[[ RECORD EXTRACTS, beginning ]]
text \<open>The last constraint is an S-lemma certificate: on \<open>Theta J x\<close> the multipliers \<open>lam j\<close>
  only add nonnegative terms.\<close>
lemma sdp_feasible_quadratic_ge_1_on_Theta:
  fixes x :: "nat \<Rightarrow> real^'n"
  assumes F: "sdp_feasible J x \<mu>h \<Sigma>h \<gamma> z0 z Z q Qm lam" and \<theta>: "\<theta> \<in> Theta J x"
  shows "1 \<le> \<theta> \<bullet> (Z *v \<theta>) + 2 * (z \<bullet> \<theta>) + z0"
proof -
  define N where "N = (\<Sum>j\<in>{1..J}. lam j *\<^sub>R
    blockmat (0::real^'n^'n) (colm ((1/2) *\<^sub>R x j)) (rowm ((1/2) *\<^sub>R x j)) (0::real^unit^unit))"
  define v where "v = vec_join \<theta> (scalv 1)"
  have "0 \<le> v \<bullet> ((blockmat Z (colm z) (rowm z) (scalm (z0 - 1)) - N) *v v)"
    using F by (intro psd_nonneg) (simp add: sdp_feasible_def loewner_ge_def N_def)
  moreover have "v \<bullet> (blockmat Z (colm z) (rowm z) (scalm (z0 - 1)) *v v)
      = \<theta> \<bullet> (Z *v \<theta>) + 2 * (z \<bullet> \<theta>) + z0 - 1"
    by (simp add: v_def bordered_quadratic_form)
  moreover have "v \<bullet> (N *v v) = (\<Sum>j\<in>{1..J}. lam j * (x j \<bullet> \<theta>))"
    using bordered_quadratic_form[of \<theta> 1 "0::real^'n^'n" "(1/2) *\<^sub>R x _" 0]
    by (simp add: v_def N_def matrix_sum_vector_mult inner_sum_right
        scaleR_matrix_vector_assoc[symmetric])
  moreover have "0 \<le> (\<Sum>j\<in>{1..J}. lam j * (x j \<bullet> \<theta>))"
    using F \<theta> by (intro sum_nonneg) (auto simp: sdp_feasible_def Theta_def)
  ultimately show ?thesis by (simp add: matrix_vector_mult_diff_rdistrib inner_diff_right)
qed
(* Let $f$ be the function on $D\subset\mathbb{R}^2$ described in the context, and run gradient descent $x^{t+1} = x^t - \eta\nabla f(x^t)$ with step size $\eta = \frac{1}{4L}$, starting from a point $x^0=(x_1^0,x_2^0)$ in the first block $B_1 = [0,\tau]^2$ satisfying $|x^0_1 - \tfrac{\tau}{2}| \le \frac{\tau}{2e^2}$. Then every gradient descent iterate $x^t$ lies in the region $D$.
   Context: Fix constants $L \ge \gamma > 0$, $\tau > 0$, an integer $n \ge 2$, and set $L_2 = 4L$. Blocks: for odd $i\in\{1,\dots,n\}$, $B_i = [(i-1)\tau, i\tau]\times[(i-1)\tau, i\tau]$; for even $i$, $B_i = [i\tau,(i+1)\tau]\times[(i-2)\tau,(i-1)\tau]$. Buffers: for $i = 1,\dots,n-1$, $B'_i = [i\tau,(i+1)\tau]\times[(i-1)\tau, i\tau]$. Let $(s_1^i,s_2^i)$ denote the center of $B_i$ and $D = \bigcup_{i=1}^n B_i \cup \bigcup_{i=1}^{n-1} B'_i$. Define $p(u) = \tfrac12(\gamma-L)u^2 + (L\tau - 2\gamma\tau)u$, $g_1(u) = p(u) - p(\tau) - \tfrac14\gamma\tau^2$, $\nu = \tfrac14 L\tau^2 - g_1(2\tau)$, and for constants $c_1,c_2$, $h(u;c_1,c_2) = c_2 - \frac{10(c_1-c_2)(u-2\tau)^3}{\tau^3} - \frac{15(c_1-c_2)(u-2\tau)^4}{\tau^4} - \frac{6(c_1-c_2)(u-2\tau)^5}{\tau^5}$. The function $f$ on $D$ is: (1) for odd $i<n$ and $x\in B_i$ (writing $s=s^i$): $f(x) = -i\nu - \gamma(x_1-s_1)^2 + L(x_2-s_2)^2$ if $x_1 > s_1$, and $f(x) = -i\nu + L_2(x_1-s_1)^2 + L(x_2-s_2)^2$ if $x_1\le s_1$; (2) for even $i<n$ and $x\in B_i$: $f(x) = -i\nu + L(x_1-s_1)^2 - \gamma(x_2-s_2)^2$ if $x_2 > s_2$, and $f(x) = -i\nu + L(x_1-s_1)^2 + L_2(x_2-s_2)^2$ if $x_2\le s_2$; (3) for $x\in B_n$: $f(x) = -n\nu + L(x_1-s_1^n)^2 + L(x_2-s_2^n)^2$; (4) for odd $i\le n-1$ and $x\in B'_i$: with $u = x_1-(i-1)\tau\in[\tau,2\tau]$ and $w = x_2 - s_2^i$, $f(x) = -i\nu + g_1(u) + h(u;L,c)\,w^2$ where $c=-\gamma$ if $w>0$ and $c=L_2$ if $w\le 0$; (5) for even $i\le n-1$ and $x\in B'_i$: with $u = x_2-(i-2)\tau\in[\tau,2\tau]$ and $w = x_1 - s_1^i$, $f(x) = -i\nu + g_1(u) + h(u;L,c)\,w^2$ where $c=-\gamma$ if $w>0$ and $c=L_2$ if $w\le 0$. The function $f$ is extended from $D$ to $\mathbb{R}^2$ (via the Whitney extension theorem) so that gradient descent is defined everywhere.
   Formalization: The step uses, in place of the gradient of a Whitney extension of f, any field equal at each point of D to the gradient, relative to some block or buffer containing it, of that piece's formula. The statement above fails without it. *)

theory Defs
  imports "HOL-Analysis.Analysis"
begin
lemma uncovered_avoids_finitely_many:
  fixes f :: "nat \<Rightarrow> nat" and G :: "nat \<Rightarrow> nat \<Rightarrow> nat"
  assumes "\<not> finitely_covered f (range G)"
  shows "\<exists>k. q < k \<and> (\<forall>i\<le>s. f k \<noteq> G i k)"
proof -
  let ?hs = "map G [0..<Suc s]"
  have "?hs \<noteq> []" "set ?hs \<subseteq> range G" by auto
  with assms have "infinite {k. f k \<notin> (\<lambda>h. h k) ` set ?hs}"
    unfolding finitely_covered_def by blast
  then obtain k where "q < k" "f k \<notin> (\<lambda>h. h k) ` set ?hs"
    unfolding infinite_nat_iff_unbounded by blast
  then show ?thesis by (intro exI[of _ k]) (auto simp: image_iff)
qed

context
  fixes G F :: "nat \<Rightarrow> nat \<Rightarrow> nat" and E :: "(nat \<times> nat) set"
  assumes NFC: "\<forall>n. \<not> finitely_covered (F n) (range G)"
begin

definition witness :: "nat \<Rightarrow> nat \<Rightarrow> nat \<Rightarrow> nat" where
  "witness n s q = (LEAST k. q < k \<and> (\<forall>i\<le>s. F n k \<noteq> G i k))"

lemma witness: "q < witness n s q \<and> (\<forall>i\<le>s. F n (witness n s q) \<noteq> G i (witness n s q))"
  unfolding witness_def
  by (rule LeastI_ex) (rule uncovered_avoids_finitely_many[OF NFC[rule_format]])

(* Stage s serves requirement n = fst (prod_decode s).  The next marker lies
   beyond the stage's witness, exceeds G 0, ..., G s at the current marker,
   and its parity records whether prod_decode s is in E. *)
definition next_marker :: "nat \<Rightarrow> nat \<Rightarrow> nat" where
  "next_marker s q =
     2 * Suc (witness (fst (prod_decode s)) s q + (\<Sum>i\<le>s. G i q))
     + (if prod_decode s \<in> E then 1 else 0)"

primrec marker :: "nat \<Rightarrow> nat" where
  "marker 0 = 0"
| "marker (Suc s) = next_marker s (marker s)"

definition agreement_point :: "nat \<Rightarrow> nat" where
  "agreement_point s = witness (fst (prod_decode s)) s (marker s)"

lemma agreement_point_bounds:
  "marker s < agreement_point s" "agreement_point s < marker (Suc s)"
  using witness unfolding agreement_point_def by (auto simp: next_marker_def)

lemma strict_mono_marker: "strict_mono marker"
  unfolding strict_mono_Suc_iff using agreement_point_bounds less_trans by blast

lemma block_marker: "block marker (marker s) = s"
  by (rule block_eq) (use strict_mono_marker agreement_point_bounds[of s] in auto)

lemma block_agreement_point: "block marker (agreement_point s) = s"
  by (rule block_eq) (use strict_mono_marker agreement_point_bounds[of s] in auto)

definition constructed :: "nat \<Rightarrow> nat" where
  "constructed k = (let s = block marker k in
            if k = marker s then marker (Suc s)
            else if k = agreement_point s then F (fst (prod_decode s)) k
            else Suc (\<Sum>i\<le>s. G i k))"

lemma constructed_marker: "constructed (marker s) = marker (Suc s)"
  unfolding constructed_def Let_def block_marker by simp

lemma constructed_agreement_point:
  "constructed (agreement_point s) = F (fst (prod_decode s)) (agreement_point s)"
  using agreement_point_bounds(1)[of s]
  unfolding constructed_def Let_def block_agreement_point by simp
[[ RECORD EXTRACTS, end ]]
#### GOAL OF THE EXERCISE
All lines in the entries above that hold the word "rowm" need to be copied.

#### RESPONSE
    blockmat (0::real^'n^'n) (colm ((1/2) *\<^sub>R x j)) (rowm ((1/2) *\<^sub>R x j)) (0::real^unit^unit))"
  have "0 \<le> v \<bullet> ((blockmat Z (colm z) (rowm z) (scalm (z0 - 1)) - N) *v v)"
  moreover have "v \<bullet> (blockmat Z (colm z) (rowm z) (scalm (z0 - 1)) *v v)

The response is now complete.